近年、建設・製造・教育・医療・清掃など多くの業界で、こうした賃金トラブルや抗議活動が頻発しています。外資撤退、企業倒産、地方財政の逼迫といった経済環境の悪化により、中国社会全体で未払い問題が深刻化しています。
制度崩壊 「未払い地獄」に出口なし
全国に広がる未払い抗議に対し、中国当局は表向きには対応姿勢を見せているだけです。7月14日には、中国共産党が「新時代における裁判業務の強化に関する意見」を発表し、「平等な雇用と労働権の保護、悪質な未払いに対する厳罰」を掲げました。

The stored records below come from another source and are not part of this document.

(* Consider the setting and the algorithm described in the context (with its parameters $0<\beta<2$, $\nu>0$, $0<q<1$, $\delta_0>0$, $\theta_0>0$, $\gamma_0=1$, $\varepsilon>0$). Then: (i) $\|z^{k+1}\|\le \ell+1$ for all $k\ge 0$; (ii) in every iteration, the search for the smallest $j_k\in\{0,1,2,\dots\}$ with $\theta_{k+1}>0$ terminates after finitely many steps, so the algorithm is well defined; moreover $\gamma_{k+1}\le\gamma_k$ for all $k\ge0$; (iii) there exist a constant $\gamma>0$ and an index $K_0\ge 0$ such that for all $k\ge K_0$: $\gamma_k=\gamma$, $\delta_k=\delta:=2\nu+L_{\nabla h}+\frac{2\|A\|^2}{\gamma}$, and $\|z^{k+1}\|\le\min\left(\frac{\varepsilon}{\gamma},\sqrt{\frac{2\varepsilon}{\gamma}}\right)$.
   Context: Setting: $\mathcal{S}\subseteq\mathbb{R}^n$ is nonempty, convex and compact; $A:\mathbb{R}^n\to\mathbb{R}^s$ and $K:\mathbb{R}^n\to\mathbb{R}^p$ are linear with adjoints $A^*,K^*$ and operator norms $\|A\|,\|K\|$; $g:\mathbb{R}^s\to\mathbb{R}\cup\{+\infty\}$ is proper, convex, lower semicontinuous; $h:\mathbb{R}^n\to\mathbb{R}$ is differentiable on an open set containing $\mathcal{S}$ with $\nabla h$ Lipschitz there with constant $L_{\nabla h}$; $f:\mathbb{R}^p\to\mathbb{R}\cup\{+\infty\}$ is proper, convex, lower semicontinuous with $K(\mathcal{S})\subseteq\operatorname{int}(\operatorname{dom}f)$ and $f(Kx)>0$ for all $x\in\mathcal{S}$; $\mathcal{S}\cap A^{-1}(\operatorname{dom}g)\neq\emptyset$ and $\alpha:=\inf_{x\in\mathcal{S}}\{g(Ax)+h(x)\}>0$. Moreover $A(\mathcal{S})\subseteq\operatorname{dom}(\partial g)$ and there is $\ell>0$ with $\operatorname{dist}(0,\partial g(Ax))\le\ell$ for all $x\in\mathcal{S}$. Notation: $g^*$ is the Fenchel conjugate of $g$; $\iota_{\mathcal{S}}$ the indicator function of $\mathcal{S}$; $\operatorname{Proj}_{\mathcal{S}}$ the Euclidean projection; for a proper convex lsc $\varphi$ and $\kappa>0$, $\operatorname{prox}_{\varphi,\kappa}(x)=\arg\min_y\{\varphi(y)+\frac{1}{2\kappa}\|y-x\|^2\}$. Define $\Psi(x,z,u,\delta,\gamma):=\langle z,Ax\rangle-g^*(z)+h(x)+\iota_{\mathcal{S}}(x)+\frac{\delta}{2}\|x-u\|^2-\frac{\gamma}{2}\|z\|^2$. Algorithm (Adaptive FSPS): given $0<\beta<2$, $\nu>0$, $0<q<1$, $\delta_0>0$, $\theta_0>0$, $\gamma_0=1$, $\varepsilon>0$ and a starting point $(x^0,z^0,u^0)$, for $k\ge0$: choose $y^{k+1}\in\partial f(Kx^k)$; set $x^{k+1}:=\operatorname{Proj}_{\mathcal{S}}\big(u^k+\frac{\theta_k}{\delta_k}K^*y^{k+1}-\frac1{\delta_k}\nabla h(x^k)-\frac1{\delta_k}A^*z^k\big)$; set $u^{k+1}:=(1-\beta)u^k+\beta x^{k+1}$; find the smallest $j_k\in\{0,1,2,\dots\}$ such that, with $\gamma_{k,j_k}:=\gamma_kq^{j_k}$ and $z^{k+1,j_k}:=\operatorname{prox}_{g^*,1/\gamma_{k,j_k}}(Ax^{k+1}/\gamma_{k,j_k})$, one has $\theta_{k+1}:=\Psi(x^{k+1},z^{k+1,j_k},u^{k+1},\delta_k,\gamma_{k,j_k})/f(Kx^{k+1})>0$; set $\gamma_{k+1}:=\gamma_{k,j_k}$, $\delta_{k+1}:=2\nu+L_{\nabla h}+2\|A\|^2/\gamma_{k+1}$, $z^{k+1}:=z^{k+1,j_k}$; if $\|z^{k+1}\|>\min(\varepsilon/\gamma_{k+1},\sqrt{2\varepsilon/\gamma_{k+1}})$, then replace $\gamma_{k+1}$ by $\gamma_{k+1}q$ and recompute $\delta_{k+1}:=2\nu+L_{\nabla h}+2\|A\|^2/\gamma_{k+1}$. *)

theory Defs
  imports "HOL-Analysis.Analysis"
begin

definition proper_fun :: "('a \<Rightarrow> ereal) \<Rightarrow> bool" where
  "proper_fun f \<longleftrightarrow> (\<forall>x. f x \<noteq> -\<infinity>) \<and> (\<exists>x. f x \<noteq> \<infinity>)"

definition convex_fun :: "('a::real_vector \<Rightarrow> ereal) \<Rightarrow> bool" where
  "convex_fun f \<longleftrightarrow> convex {(x, r::real). f x \<le> ereal r}"

definition lsc_fun :: "('a::topological_space \<Rightarrow> ereal) \<Rightarrow> bool" where
  "lsc_fun f \<longleftrightarrow> (\<forall>x. f x \<le> Liminf (at x) f)"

しかし、現実には、法律の効力はほとんど及ばず、形骸化しています。
複数の法律専門家は「悪意ある賃金未払い」はすでに刑法に明記されているにもかかわらず、実際に起訴・責任追及されるケースは非常に少ないと指摘します。特に、国有企業や中央企業、さらには地方政府の関与する企業に対しては、「高圧的な姿勢を見せつつも、実際には大げさに構えて、結局はうやむやにされる」傾向が強いとされています。裁判に勝訴しても、強制執行や賠償金の回収が困難で、労働者にとっては依然として大きな障壁となっています。

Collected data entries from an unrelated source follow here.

text \<open>A weighted graph: vertex set V, symmetric irreflexive adjacency E on V,
  weights b (vertex v has self-intersection -b v).  Cycles are integer
  functions on V (values outside V are irrelevant).\<close>

definition graph_ok :: "'a set \<Rightarrow> ('a \<Rightarrow> 'a \<Rightarrow> bool) \<Rightarrow> bool" where
  "graph_ok V E \<longleftrightarrow> finite V \<and> V \<noteq> {} \<and>
     (\<forall>u v. E u v \<longrightarrow> u \<in> V \<and> v \<in> V) \<and>
     (\<forall>u v. E u v \<longrightarrow> E v u) \<and> (\<forall>v. \<not> E v v)"

definition connected_in :: "'a set \<Rightarrow> ('a \<Rightarrow> 'a \<Rightarrow> bool) \<Rightarrow> bool" where
  "connected_in V E \<longleftrightarrow> (\<forall>u\<in>V. \<forall>v\<in>V. (\<lambda>x y. E x y)\<^sup>*\<^sup>* u v)"

text \<open>A tree: a connected graph in which every edge is a bridge
  (removing it disconnects its endpoints), i.e. connected and acyclic.\<close>
definition is_tree :: "'a set \<Rightarrow> ('a \<Rightarrow> 'a \<Rightarrow> bool) \<Rightarrow> bool" where
  "is_tree V E \<longleftrightarrow> graph_ok V E \<and> connected_in V E \<and>
     (\<forall>u v. E u v \<longrightarrow>
        \<not> (\<lambda>x y. E x y \<and> {x, y} \<noteq> {u, v})\<^sup>*\<^sup>* u v)"

definition inter_coeff :: "('a \<Rightarrow> 'a \<Rightarrow> bool) \<Rightarrow> ('a \<Rightarrow> int) \<Rightarrow> 'a \<Rightarrow> 'a \<Rightarrow> int" where
  "inter_coeff E b i j = (if i = j then - b i else if E i j then 1 else 0)"

definition inter :: "'a set \<Rightarrow> ('a \<Rightarrow> 'a \<Rightarrow> bool) \<Rightarrow> ('a \<Rightarrow> int) \<Rightarrow> ('a \<Rightarrow> int) \<Rightarrow> ('a \<Rightarrow> int) \<Rightarrow> int" where
  "inter V E b A B = (\<Sum>i\<in>V. \<Sum>j\<in>V. A i * B j * inter_coeff E b i j)"

definition neg_definite :: "'a set \<Rightarrow> ('a \<Rightarrow> 'a \<Rightarrow> bool) \<Rightarrow> ('a \<Rightarrow> int) \<Rightarrow> bool" where
  "neg_definite V E b \<longleftrightarrow> (\<forall>x :: 'a \<Rightarrow> real. (\<exists>i\<in>V. x i \<noteq> 0) \<longrightarrow>
      (\<Sum>i\<in>V. \<Sum>j\<in>V. x i * x j * real_of_int (inter_coeff E b i j)) < 0)"

definition basis_cycle :: "'a \<Rightarrow> 'a \<Rightarrow> int" where
  "basis_cycle i = (\<lambda>j. if j = i then 1 else 0)"

definition anti_nef :: "'a set \<Rightarrow> ('a \<Rightarrow> 'a \<Rightarrow> bool) \<Rightarrow> ('a \<Rightarrow> int) \<Rightarrow> ('a \<Rightarrow> int) \<Rightarrow> bool" where
  "anti_nef V E b A \<longleftrightarrow> (\<exists>i\<in>V. A i \<noteq> 0) \<and>
      (\<forall>i\<in>V. inter V E b A (basis_cycle i) \<le> 0)"

definition fundamental_cycle :: "'a set \<Rightarrow> ('a \<Rightarrow> 'a \<Rightarrow> bool) \<Rightarrow> ('a \<Rightarrow> int) \<Rightarrow> ('a \<Rightarrow> int) \<Rightarrow> bool" where
  "fundamental_cycle V E b Z \<longleftrightarrow> anti_nef V E b Z \<and>
      (\<forall>A. anti_nef V E b A \<longrightarrow> (\<forall>i\<in>V. Z i \<le> A i))"

definition p_a :: "'a set \<Rightarrow> ('a \<Rightarrow> 'a \<Rightarrow> bool) \<Rightarrow> ('a \<Rightarrow> int) \<Rightarrow> ('a \<Rightarrow> int) \<Rightarrow> real" where
  "p_a V E b A = 1 + real_of_int (inter V E b A A + (\<Sum>i\<in>V. A i * (b i - 2))) / 2"

definition valency :: "'a set \<Rightarrow> ('a \<Rightarrow> 'a \<Rightarrow> bool) \<Rightarrow> 'a \<Rightarrow> nat" where
  "valency V E v = card {w\<in>V. E v w}"

definition complexity :: "'a set \<Rightarrow> ('a \<Rightarrow> 'a \<Rightarrow> bool) \<Rightarrow> int" where
  "complexity V E = (\<Sum>v\<in>{v\<in>V. valency V E v \<ge> 3}. int (valency V E v) - 2)"

definition rational_graph :: "'a set \<Rightarrow> ('a \<Rightarrow> 'a \<Rightarrow> bool) \<Rightarrow> ('a \<Rightarrow> int) \<Rightarrow> ('a \<Rightarrow> int) \<Rightarrow> bool" where
  "rational_graph V E b Z \<longleftrightarrow> is_tree V E \<and> (\<forall>i\<in>V. b i \<ge> 2) \<and>
     neg_definite V E b \<and> fundamental_cycle V E b Z \<and> p_a V E b Z = 0"

end

theory Submission
  imports Defs "HOL-Library.Indicator_Function"
begin

(*
  Write q(A) = A.A + sum_i a_i (b_i - 2) = 2 p_a(A) - 2 ("genus form").  For a
  rational graph with fundamental cycle Z the proof rests on three facts:
    (1) Z >= 1 on every vertex (negative definiteness and connectivity);
    (2) q(D) <= -2 for every cycle 0 < D <= Z (Laufer's computation-sequence
        argument: raise D along a vertex E_k with D.E_k > 0 until D = Z);
    (3) for an indicator cycle, q(1_X) = 2 e(X) - 2|X|, where e(X) is the number
        of edges inside X.
  Applied to D = 1_X, (2) says every induced subgraph is a forest; applied to
  D = 1_V + 1_S with Z >= 2 on S it bounds the degrees inside S.  Splitting the
  vertices of valency >= 2 into those of multiplicity >= 2 and those of
  multiplicity 1, and using Z.E_v <= 0 at the latter, an edge count shows
  complexity <= sum_v Z_v (b_v - 2) = -Z^2 - 2 as soon as some b_v >= 3, which
  is forced by -Z^2 >= 3.
*)

definition genus_form ::
    "'a set \<Rightarrow> ('a \<Rightarrow> 'a \<Rightarrow> bool) \<Rightarrow> ('a \<Rightarrow> int) \<Rightarrow> ('a \<Rightarrow> int) \<Rightarrow> int" where
  "genus_form V E b A = inter V E b A A + (\<Sum>i\<in>V. A i * (b i - 2))"

lemma p_a_genus_form: "p_a V E b A = 1 + real_of_int (genus_form V E b A) / 2"
  by (simp add: p_a_def genus_form_def)

lemma inter_sym:
  assumes "\<And>u v. E u v \<Longrightarrow> E v u"
  shows "inter V E b A B = inter V E b B A"
proof -
  have "inter V E b A B = (\<Sum>i\<in>V. \<Sum>j\<in>V. B j * A i * inter_coeff E b j i)"
    unfolding inter_def
    by (intro sum.cong refl) (auto simp: inter_coeff_def ac_simps dest: assms)
  also have "\<dots> = inter V E b B A"
    unfolding inter_def by (rule sum.swap)
  finally show ?thesis .
qed

lemma inter_add_left: "inter V E b (\<lambda>i. A i + B i) C = inter V E b A C + inter V E b B C"
  unfolding inter_def by (simp add: distrib_right sum.distrib)

lemma inter_add_right: "inter V E b C (\<lambda>i. A i + B i) = inter V E b C A + inter V E b C B"
  unfolding inter_def by (simp add: distrib_left distrib_right sum.distrib)

lemma genus_form_add:
  assumes "\<And>u v. E u v \<Longrightarrow> E v u"
  shows "genus_form V E b (\<lambda>i. A i + B i)
       = genus_form V E b A + genus_form V E b B + 2 * inter V E b A B"
  using inter_sym[of E V b B A] assms
  unfolding genus_form_def inter_add_left inter_add_right
  by (simp add: distrib_right sum.distrib)

lemma genus_form_cong:
  assumes "\<forall>i\<in>V. A i = B i"
  shows "genus_form V E b A = genus_form V E b B"
  unfolding genus_form_def inter_def using assms by simp

lemma inter_basis:
  assumes "finite V" "k \<in> V"
  shows "inter V E b A (basis_cycle k) = (\<Sum>i\<in>V. A i * inter_coeff E b i k)"
proof -
  have "(\<Sum>j\<in>V. A i * basis_cycle k j * inter_coeff E b i j)
      = (\<Sum>j\<in>V. if j = k then A i * inter_coeff E b i k else 0)" for i
    by (rule sum.cong) (auto simp: basis_cycle_def)
  then show ?thesis unfolding inter_def using assms by simp
qed

lemma inter_expand_right:
  assumes "finite V"
  shows "inter V E b A B = (\<Sum>k\<in>V. B k * inter V E b A (basis_cycle k))"
proof -
  have "inter V E b A B = (\<Sum>k\<in>V. \<Sum>i\<in>V. B k * (A i * inter_coeff E b i k))"
    unfolding inter_def by (subst sum.swap) (simp add: ac_simps)
  also have "\<dots> = (\<Sum>k\<in>V. B k * inter V E b A (basis_cycle k))"
    using assms by (simp add: inter_basis sum_distrib_left)
  finally show ?thesis .
qed

lemma genus_form_basis:
  assumes "finite V" "k \<in> V"
  shows "genus_form V E b (basis_cycle k) = -2"
proof -
  have "(\<Sum>i\<in>V. basis_cycle k i * inter_coeff E b i k)
      = (\<Sum>i\<in>V. if i = k then - b k else 0)"
    by (rule sum.cong) (auto simp: basis_cycle_def inter_coeff_def)
  moreover have "(\<Sum>i\<in>V. basis_cycle k i * (b i - 2))
      = (\<Sum>i\<in>V. if i = k then b k - 2 else 0)"
    by (rule sum.cong) (auto simp: basis_cycle_def)
  ultimately show ?thesis
    unfolding genus_form_def inter_basis[OF assms] using assms by simp
qed

(* Off-diagonal entries are nonnegative, so A.E_k is monotone in A away from k. *)
lemma inter_basis_mono:
  assumes "finite V" "k \<in> V" "\<forall>i\<in>V. A i \<le> B i" "A k = B k"
  shows "inter V E b A (basis_cycle k) \<le> inter V E b B (basis_cycle k)"
  unfolding inter_basis[OF assms(1,2)]
proof (rule sum_mono)
  fix i assume "i \<in> V"
  then show "A i * inter_coeff E b i k \<le> B i * inter_coeff E b i k"
    using assms(3,4) by (cases "i = k") (auto simp: inter_coeff_def)
qed

lemma neg_definite_int:
  assumes "neg_definite V E b" "\<exists>i\<in>V. x i \<noteq> 0"
  shows "inter V E b x x < 0"
proof -
  have "real_of_int (inter V E b x x) < 0"
    using assms(1)[unfolded neg_definite_def, rule_format, of "\<lambda>i. real_of_int (x i)"]
      assms(2)
    by (simp add: inter_def)
  then show ?thesis by simp
qed

(* A cycle with A.E_k <= 0 for all k is effective: pair its negative part N with
   A + N and A to contradict N.N < 0. *)
lemma anti_nef_nonneg:
  assumes fin: "finite V" and nd: "neg_definite V E b"
    and anti: "\<forall>k\<in>V. inter V E b A (basis_cycle k) \<le> 0" and i: "i \<in> V"
  shows "A i \<ge> 0"
proof (rule ccontr)
  define N where "N = (\<lambda>i. max 0 (- A i))"
  assume "\<not> A i \<ge> 0"
  then have "inter V E b N N < 0"
    using i by (intro neg_definite_int[OF nd] bexI[of _ i]) (auto simp: N_def)
  moreover have "inter V E b A N \<le> 0"
    using anti by (subst inter_expand_right[OF fin])
      (intro sum_nonpos mult_nonneg_nonpos, simp_all add: N_def)
  moreover have "inter V E b (\<lambda>i. A i + N i) N \<ge> 0"
  proof -
    have "(A i + N i) * N j * inter_coeff E b i j \<ge> 0" for i j
    proof (cases "i = j")
      case True
      have "(A j + N j) * N j = 0" by (simp add: N_def max_def)
      then show ?thesis using True by auto
    next
      case False
      have "A i + N i \<ge> 0" "N j \<ge> 0" "inter_coeff E b i j \<ge> 0"
        using False by (auto simp: N_def inter_coeff_def)
      then show ?thesis by (intro mult_nonneg_nonneg)
    qed
    then show ?thesis unfolding inter_def by (intro sum_nonneg)
  qed
  ultimately show False
    using inter_add_left[of V E b A N N] by linarith
qed

definition nbrs :: "('a \<Rightarrow> 'a \<Rightarrow> bool) \<Rightarrow> 'a set \<Rightarrow> 'a \<Rightarrow> int" where
  "nbrs E X v = (\<Sum>w\<in>X. if E v w then 1 else 0)"

definition double_edges :: "('a \<Rightarrow> 'a \<Rightarrow> bool) \<Rightarrow> 'a set \<Rightarrow> int" where
  "double_edges E X = (\<Sum>v\<in>X. nbrs E X v)"

lemma nbrs_nonneg: "nbrs E X v \<ge> 0"
  unfolding nbrs_def by (rule sum_nonneg) simp

lemma nbrs_union:
  assumes "A \<inter> B = {}" "finite A" "finite B"
  shows "nbrs E (A \<union> B) v = nbrs E A v + nbrs E B v"
  unfolding nbrs_def using assms by (simp add: sum.union_disjoint)

lemma nbrs_handshake:
  assumes "\<And>u v. E u v \<Longrightarrow> E v u"
  shows "(\<Sum>u\<in>A. nbrs E B u) = (\<Sum>w\<in>B. nbrs E A w)"
proof -
  have "(\<Sum>u\<in>A. nbrs E B u) = (\<Sum>u\<in>A. \<Sum>w\<in>B. if E w u then 1 else 0)"
    unfolding nbrs_def by (intro sum.cong refl) (auto dest: assms)
  also have "\<dots> = (\<Sum>w\<in>B. nbrs E A w)"
    unfolding nbrs_def by (rule sum.swap)
  finally show ?thesis .
qed

lemma double_edges_union:
  assumes "A \<inter> B = {}" "finite A" "finite B" "\<And>u v. E u v \<Longrightarrow> E v u"
  shows "double_edges E (A \<union> B)
       = double_edges E A + 2 * (\<Sum>v\<in>B. nbrs E A v) + double_edges E B"
proof -
  have "double_edges E (A \<union> B) = (\<Sum>v\<in>A \<union> B. nbrs E A v + nbrs E B v)"
    unfolding double_edges_def using assms by (simp add: nbrs_union)
  also have "\<dots> = (\<Sum>v\<in>A. nbrs E A v) + (\<Sum>v\<in>A. nbrs E B v)
                 + ((\<Sum>v\<in>B. nbrs E A v) + (\<Sum>v\<in>B. nbrs E B v))"
    using assms by (simp add: sum.union_disjoint sum.distrib)
  also have "(\<Sum>v\<in>A. nbrs E B v) = (\<Sum>v\<in>B. nbrs E A v)"
    by (rule nbrs_handshake) (rule assms(4))
  finally show ?thesis unfolding double_edges_def by simp
qed

lemma valency_nbrs:
  assumes "finite V"
  shows "int (valency V E v) = nbrs E V v"
  unfolding valency_def nbrs_def using assms by (simp add: sum.inter_filter[symmetric])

一部の地方政府は企業側を擁護し、労働者の抗議活動を抑圧する動きも見られます。あるネットユーザーの発言には、「私たちが横断幕を掲げると違法と言われるが、給料を払わない企業は罪にならないのか」との怒りが込められています。
専門家は、「未払いの蔓延は、中国経済の構造的問題を映し出す重要なバロメーターである」と指摘しています。制度の不備や監督機能の不全に加えて、企業の資金繰り悪化が重なり、労働者が正当な権利を守るにはあまりに大きなハードルが存在しているのです。